Prayers for Boston....


----------



## GenFoe (Apr 3, 2013)

I've lived in mass my entire life... The marathon is such an integral part of every spring. I've always known someone who has either run or was training to run. I'm not from Boston itself but its a part of who I am. It's so sad and scary. I am at a loss right now. Praying for all injured and those who have passed.


----------



## Energyvet (Jul 25, 2012)

I heard that an 8 year old boy died. Don't know who the other death was. 2 dead total so far.


----------



## ChickensSayMoo (Sep 5, 2012)

So sad 

..........


----------



## GenFoe (Apr 3, 2013)

I'm a fool and have watched my twitter feed all day. The pictures I have seen of some injuries will never leave my mind. I can't sleep right now. My mind is spinning and my heart is heavy.


----------



## Energyvet (Jul 25, 2012)

Gen, breathe! It's not you and you're not there. Maybe if you think of ways to help, it will get your mind off the focus of those images.

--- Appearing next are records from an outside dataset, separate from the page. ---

lemma path_dist_triangle:
  assumes "reachable E x y" "reachable E y z"
  shows "path_dist E d x z \<le> path_dist E d x y + path_dist E d y z"
proof -
  obtain p q where "walk_betw E x p y" "walk_length d p = path_dist E d x y"
    and "walk_betw E y q z" "walk_length d q = path_dist E d y z"
    using path_dist_attained assms by metis
  then show ?thesis using walk_betw_append path_dist_le_walk_length by metis
qed

lemma path_dist_le_sum: "reachable E x y \<Longrightarrow> path_dist E d x y \<le> (\<Sum>e\<in>E. d e)"
proof -
  assume "reachable E x y"
  then obtain xs where xs: "walk_betw E x xs y" "distinct xs" "walk_length d xs = path_dist E d x y"
    using path_dist_attained by blast
  have fin: "finite E" using E unfolding edge_set_def by blast
  have "walk_length d xs \<le> (\<Sum>e\<in>{e\<in>E. e \<subseteq> set xs}. d e)"
    using distinct_walk_length_le_sum[OF _ xs(2) fin d_nonneg] xs(1) unfolding walk_betw_def by blast
  also have "\<dots> \<le> (\<Sum>e\<in>E. d e)" using fin d_nonneg by (intro sum_mono2) auto
  finally show ?thesis using xs(3) by simp
qed

lemma path_dist_edge:
  assumes "distance_fun E d" "{x, y} \<in> E"
  shows "path_dist E d x y = d {x, y}"
proof (rule antisym)
  show "path_dist E d x y \<le> d {x, y}"
    using path_dist_le_walk_length[of x "[x, y]" y] assms(2) unfolding walk_betw_def by simp
  show "d {x, y} \<le> path_dist E d x y"
    using path_dist_attained[OF reachable_edge[OF assms(2)]] assms unfolding distance_fun_def by metis
qed

end

definition pseudometric :: "('a \<Rightarrow> 'a \<Rightarrow> real) \<Rightarrow> bool" where
  "pseudometric D \<longleftrightarrow> (\<forall>x. D x x = 0) \<and> (\<forall>x y. D x y = D y x) \<and> (\<forall>x y z. D x z \<le> D x y + D y z)"

lemma pseudometric_nonneg: "pseudometric D \<Longrightarrow> 0 \<le> D x y"
proof -
  assume "pseudometric D"
  then have "D x x \<le> D x y + D y x" "D x x = 0" "D y x = D x y" unfolding pseudometric_def by blast+
  then show ?thesis by linarith
qed

lemma pseudometric_lipschitz:
  assumes "pseudometric D"
  shows "\<bar>D x a - D y a\<bar> \<le> D x y"
proof -
  have "D x a \<le> D x y + D y a" "D y a \<le> D y x + D x a" "D y x = D x y"
    using assms unfolding pseudometric_def by blast+
  then show ?thesis unfolding abs_le_iff by linarith
qed

lemma pseudometric_lipschitz_extension:
  assumes D: "pseudometric D" and C: "finite C" and f: "\<forall>a\<in>C. \<forall>b\<in>C. \<bar>f a - f b\<bar> \<le> D a b"
  obtains g where "\<forall>c\<in>C. g c = f c" "\<forall>x y. \<bar>g x - g y\<bar> \<le> D x y"
proof (cases "C = {}")
  case True
  then show ?thesis using that[of "\<lambda>_. 0"] pseudometric_nonneg[OF D] by simp
next
  case False
  define g where "g x = Min ((\<lambda>c. f c + D x c) ` C)" for x
  have g_le: "g x \<le> f c + D x c" if "c \<in> C" for x c
    unfolding g_def using C that by (intro Min_le) auto
  have g_attained: "\<exists>c\<in>C. g x = f c + D x c" for x
  proof -
    have "g x \<in> (\<lambda>c. f c + D x c) ` C" unfolding g_def using C False by (intro Min_in) auto
    then show ?thesis by blast
  qed
  have g_diff: "g x - g y \<le> D x y" for x y
  proof -
    obtain c where c: "c \<in> C" "g y = f c + D y c" using g_attained by blast
    have "D x c \<le> D x y + D y c" using D unfolding pseudometric_def by blast
    then show ?thesis using g_le[OF c(1), of x] c(2) by linarith
  qed
  have "\<bar>g x - g y\<bar> \<le> D x y" for x y
    using g_diff[of x y] g_diff[of y x] D unfolding pseudometric_def by (simp add: abs_le_iff)
  moreover have "g c = f c" if "c \<in> C" for c
  proof (rule antisym)
    show "g c \<le> f c" using g_le[OF that, of c] D unfolding pseudometric_def by simp
    obtain c' where c': "c' \<in> C" "g c = f c' + D c c'" using g_attained by blast
    have "f c - f c' \<le> D c c'" using f that c'(1) by (metis abs_le_D1)
    then show "f c \<le> g c" using c'(2) by linarith
  qed
  ultimately show ?thesis using that by blast
qed

text \<open>Pairs in different components of \<open>E\<close> are put at distance \<open>M\<close>, the total weight, which
  bounds every shortest path; this keeps the triangle inequality.\<close>
lemma distance_fun_pseudometric_extension:
  assumes E: "edge_set E" and d: "distance_fun E d"
  obtains D where "pseudometric D" "\<forall>x y. {x, y} \<in> E \<longrightarrow> D x y = d {x, y}"
proof -
  note d_nonneg = distance_fun_nonneg[OF d]
  define M where "M = (\<Sum>e\<in>E. d e)"
  define D where "D x y = (if reachable E x y then path_dist E d x y else M)" for x y
  have D_bounds: "0 \<le> D x y" "D x y \<le> M" for x y
    using path_dist_nonneg[OF E d_nonneg] path_dist_le_sum[OF E d_nonneg] sum_nonneg[of E d] d_nonneg
    unfolding D_def M_def by auto
  have "D x z \<le> D x y + D y z" for x y z
  proof (cases "reachable E x y \<and> reachable E y z")
    case True
    then show ?thesis
      using path_dist_triangle[OF E d_nonneg] reachable_trans[of E x y z] unfolding D_def by auto
  next
    case False
    then have "D x y = M \<or> D y z = M" unfolding D_def by auto
    then show ?thesis using D_bounds[of x z] D_bounds[of x y] D_bounds[of y z] by linarith
  qed
  moreover have "D x y = D y x" for x y
    using path_dist_sym[OF E d_nonneg, of x y] reachable_sym[of E x y] reachable_sym[of E y x]
    unfolding D_def by auto
  moreover have "D x x = 0" for x
    using path_dist_self[OF E d_nonneg] reachable_refl[of E x] unfolding D_def by simp
  ultimately have "pseudometric D" unfolding pseudometric_def by blast
  moreover have "\<forall>x y. {x, y} \<in> E \<longrightarrow> D x y = d {x, y}"
    using path_dist_edge[OF E d_nonneg d] reachable_edge[of _ _ E] unfolding D_def by simp
  ultimately show ?thesis using that by blast
qed

text \<open>Only meaningful for symmetric \<open>D\<close>; unspecified on sets that are not doubletons.\<close>
definition edge_fun :: "('a \<Rightarrow> 'a \<Rightarrow> real) \<Rightarrow> 'a set \<Rightarrow> real" where
  "edge_fun D e = (THE r. \<exists>x y. e = {x, y} \<and> r = D x y)"

lemma edge_fun_doubleton: "\<forall>x y. D x y = D y x \<Longrightarrow> edge_fun D {x, y} = D x y"
  unfolding edge_fun_def by (rule the_equality) (auto simp: doubleton_eq_iff)

lemma pseudometric_le_walk_length:
  "pseudometric D \<Longrightarrow> xs \<noteq> [] \<Longrightarrow> D (hd xs) (last xs) \<le> walk_length (edge_fun D) xs"
proof (induction xs rule: induct_list012)
  case (3 x y zs)
  have "D x (last (y # zs)) \<le> D x y + D y (last (y # zs))"
    using "3.prems"(1) unfolding pseudometric_def by blast
  moreover have "edge_fun D {x, y} = D x y"
    using "3.prems"(1) edge_fun_doubleton[of D x y] unfolding pseudometric_def by blast
  ultimately show ?case using 3 by simp
qed (auto simp: pseudometric_def)

lemma pseudometric_distance_fun:
  assumes E: "edge_set E" and D: "pseudometric D"
  shows "distance_fun E (edge_fun D)"
proof -
  have sym: "\<forall>x y. D x y = D y x" using D unfolding pseudometric_def by blast
  have "0 \<le> edge_fun D e" if "e \<in> E" for e
    using E that edge_fun_doubleton[OF sym] pseudometric_nonneg[OF D] unfolding edge_set_def by metis
  moreover have "edge_fun D {x, y} \<le> walk_length (edge_fun D) xs" if "walk_betw E x xs y" for x y xs
    using that pseudometric_le_walk_length[OF D] edge_fun_doubleton[OF sym] unfolding walk_betw_def
    by metis
  ultimately show ?thesis unfolding distance_fun_def by blast
qed

lemma distance_fun_extend:
  assumes E': "edge_set E'" and sub: "E \<subseteq> E'" and d: "distance_fun E d"
  obtains d' where "distance_fun E' d'" "\<forall>e\<in>E. d' e = d e"
proof -
  have E: "edge_set E" using edge_set_subset[OF E' sub] .
  obtain D where D: "pseudometric D" and D_edge: "\<forall>x y. {x, y} \<in> E \<longrightarrow> D x y = d {x, y}"
    using distance_fun_pseudometric_extension[OF E d] by blast
  have "edge_fun D e = d e" if "e \<in> E" for e
    using E that D_edge edge_fun_doubleton[of D] D unfolding edge_set_def pseudometric_def by metis
  then show ?thesis using that pseudometric_distance_fun[OF E' D] by blast
qed

section \<open>Realizations in the sup-norm\<close>

lemma linf_dist_eq_iff:
  assumes "0 \<le> r"
  shows "linf_dist k x y = r \<longleftrightarrow> (\<forall>i<k. \<bar>x i - y i\<bar> \<le> r) \<and> (r = 0 \<or> (\<exists>i<k. \<bar>x i - y i\<bar> = r))"
proof -
  let ?S = "insert 0 ((\<lambda>i. \<bar>x i - y i\<bar>) ` {..<k})"
  have fin: "finite ?S" by simp
  have "linf_dist k x y = r \<longleftrightarrow> (\<forall>a\<in>?S. a \<le> r) \<and> r \<in> ?S"
    unfolding linf_dist_def using Max_eqI[OF fin] Max_ge[OF fin] Max_in[OF fin insert_not_empty]
    by blast
  then show ?thesis using assms by auto
qed

definition edge_lipschitz :: "'a set set \<Rightarrow> ('a set \<Rightarrow> real) \<Rightarrow> ('a \<Rightarrow> real) \<Rightarrow> bool" where
  "edge_lipschitz E d g \<longleftrightarrow> (\<forall>x y. {x, y} \<in> E \<longrightarrow> \<bar>g x - g y\<bar> \<le> d {x, y})"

How can you help? What do they need?


----------



## robopetz (Oct 16, 2012)

Sad! Just sad!


----------



## GenFoe (Apr 3, 2013)

Mostly they are asking everyone to stay out of Boston. There is enough blood that has been donated. Just going to donate some money to the Red Cross. At least things seem a bit calmer this morning. There won't be any more confirmed news till 9:30.


----------



## Roslyn (Jun 21, 2012)

I just don't get what is wrong with people. This is one reason I'm glad I don't have TV anymore, I went through such mental trauma after 9/11 and Katrina glued to the TV. I will read about it online as I can handle it, but no more days in front of the tv trying to figure out this world.


----------



## ChickenAdmin (Jun 4, 2012)

I don't watch the news. I get my news online, but the network news seems to cause stress and I don't like it. 

I was sorry to hear and see the images coming out of Boston. I have internet friends (the best kind) up there and I've heard form them all but still, your heart stops when that happens in an area you know people in.


----------